#### Task item:
Give again exactly the lines that stretch from the one with "imports Main" to the end of the data below, including both of those lines and nothing else.

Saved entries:

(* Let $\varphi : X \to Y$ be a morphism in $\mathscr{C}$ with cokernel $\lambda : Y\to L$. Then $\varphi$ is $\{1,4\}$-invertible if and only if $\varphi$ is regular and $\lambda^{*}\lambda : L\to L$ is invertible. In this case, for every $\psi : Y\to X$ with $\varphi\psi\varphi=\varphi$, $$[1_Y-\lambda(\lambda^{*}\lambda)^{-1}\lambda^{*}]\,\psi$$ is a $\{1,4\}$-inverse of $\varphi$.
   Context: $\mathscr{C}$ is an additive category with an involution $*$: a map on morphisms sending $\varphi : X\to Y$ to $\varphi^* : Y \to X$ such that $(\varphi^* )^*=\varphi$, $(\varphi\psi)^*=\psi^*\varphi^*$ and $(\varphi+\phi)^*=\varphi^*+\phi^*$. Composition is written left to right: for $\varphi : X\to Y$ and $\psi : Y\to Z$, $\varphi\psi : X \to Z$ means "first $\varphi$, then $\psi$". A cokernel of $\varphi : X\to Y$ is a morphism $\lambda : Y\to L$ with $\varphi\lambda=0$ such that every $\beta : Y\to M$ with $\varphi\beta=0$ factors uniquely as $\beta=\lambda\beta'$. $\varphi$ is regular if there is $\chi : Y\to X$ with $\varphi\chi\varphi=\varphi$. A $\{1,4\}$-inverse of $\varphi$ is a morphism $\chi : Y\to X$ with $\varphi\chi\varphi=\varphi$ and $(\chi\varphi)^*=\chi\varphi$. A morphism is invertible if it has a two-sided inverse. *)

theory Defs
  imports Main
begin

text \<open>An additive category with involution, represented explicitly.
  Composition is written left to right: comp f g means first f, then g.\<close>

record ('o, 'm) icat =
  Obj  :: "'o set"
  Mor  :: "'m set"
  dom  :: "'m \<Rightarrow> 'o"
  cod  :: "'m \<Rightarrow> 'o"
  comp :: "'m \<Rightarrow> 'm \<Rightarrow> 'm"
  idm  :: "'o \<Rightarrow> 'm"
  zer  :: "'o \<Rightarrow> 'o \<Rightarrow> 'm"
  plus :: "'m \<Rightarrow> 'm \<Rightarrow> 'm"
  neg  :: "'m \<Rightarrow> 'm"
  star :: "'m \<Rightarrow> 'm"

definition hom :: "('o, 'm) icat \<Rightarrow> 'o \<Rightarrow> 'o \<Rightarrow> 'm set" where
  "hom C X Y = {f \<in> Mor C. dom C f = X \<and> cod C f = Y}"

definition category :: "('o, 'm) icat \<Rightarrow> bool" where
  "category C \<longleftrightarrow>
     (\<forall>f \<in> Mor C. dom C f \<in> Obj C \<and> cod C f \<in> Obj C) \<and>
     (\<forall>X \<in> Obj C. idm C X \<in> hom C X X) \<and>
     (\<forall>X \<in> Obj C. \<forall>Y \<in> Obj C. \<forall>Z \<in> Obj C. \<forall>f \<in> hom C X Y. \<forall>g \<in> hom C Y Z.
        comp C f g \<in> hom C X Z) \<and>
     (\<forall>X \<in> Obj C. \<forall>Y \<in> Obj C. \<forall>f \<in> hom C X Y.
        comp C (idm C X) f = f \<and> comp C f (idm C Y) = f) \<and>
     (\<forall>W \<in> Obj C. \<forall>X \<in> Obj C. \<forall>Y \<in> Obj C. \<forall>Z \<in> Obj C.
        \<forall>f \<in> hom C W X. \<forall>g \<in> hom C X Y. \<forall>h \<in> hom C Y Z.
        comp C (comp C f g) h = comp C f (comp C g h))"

#### Expected answer:
  imports Main
begin

text \<open>An additive category with involution, represented explicitly.
  Composition is written left to right: comp f g means first f, then g.\<close>

record ('o, 'm) icat =
  Obj  :: "'o set"
  Mor  :: "'m set"
  dom  :: "'m \<Rightarrow> 'o"
  cod  :: "'m \<Rightarrow> 'o"
  comp :: "'m \<Rightarrow> 'm \<Rightarrow> 'm"
  idm  :: "'o \<Rightarrow> 'm"
  zer  :: "'o \<Rightarrow> 'o \<Rightarrow> 'm"
  plus :: "'m \<Rightarrow> 'm \<Rightarrow> 'm"
  neg  :: "'m \<Rightarrow> 'm"
  star :: "'m \<Rightarrow> 'm"

definition hom :: "('o, 'm) icat \<Rightarrow> 'o \<Rightarrow> 'o \<Rightarrow> 'm set" where
  "hom C X Y = {f \<in> Mor C. dom C f = X \<and> cod C f = Y}"

definition category :: "('o, 'm) icat \<Rightarrow> bool" where
  "category C \<longleftrightarrow>
     (\<forall>f \<in> Mor C. dom C f \<in> Obj C \<and> cod C f \<in> Obj C) \<and>
     (\<forall>X \<in> Obj C. idm C X \<in> hom C X X) \<and>
     (\<forall>X \<in> Obj C. \<forall>Y \<in> Obj C. \<forall>Z \<in> Obj C. \<forall>f \<in> hom C X Y. \<forall>g \<in> hom C Y Z.
        comp C f g \<in> hom C X Z) \<and>
     (\<forall>X \<in> Obj C. \<forall>Y \<in> Obj C. \<forall>f \<in> hom C X Y.
        comp C (idm C X) f = f \<and> comp C f (idm C Y) = f) \<and>
     (\<forall>W \<in> Obj C. \<forall>X \<in> Obj C. \<forall>Y \<in> Obj C. \<forall>Z \<in> Obj C.
        \<forall>f \<in> hom C W X. \<forall>g \<in> hom C X Y. \<forall>h \<in> hom C Y Z.
        comp C (comp C f g) h = comp C f (comp C g h))"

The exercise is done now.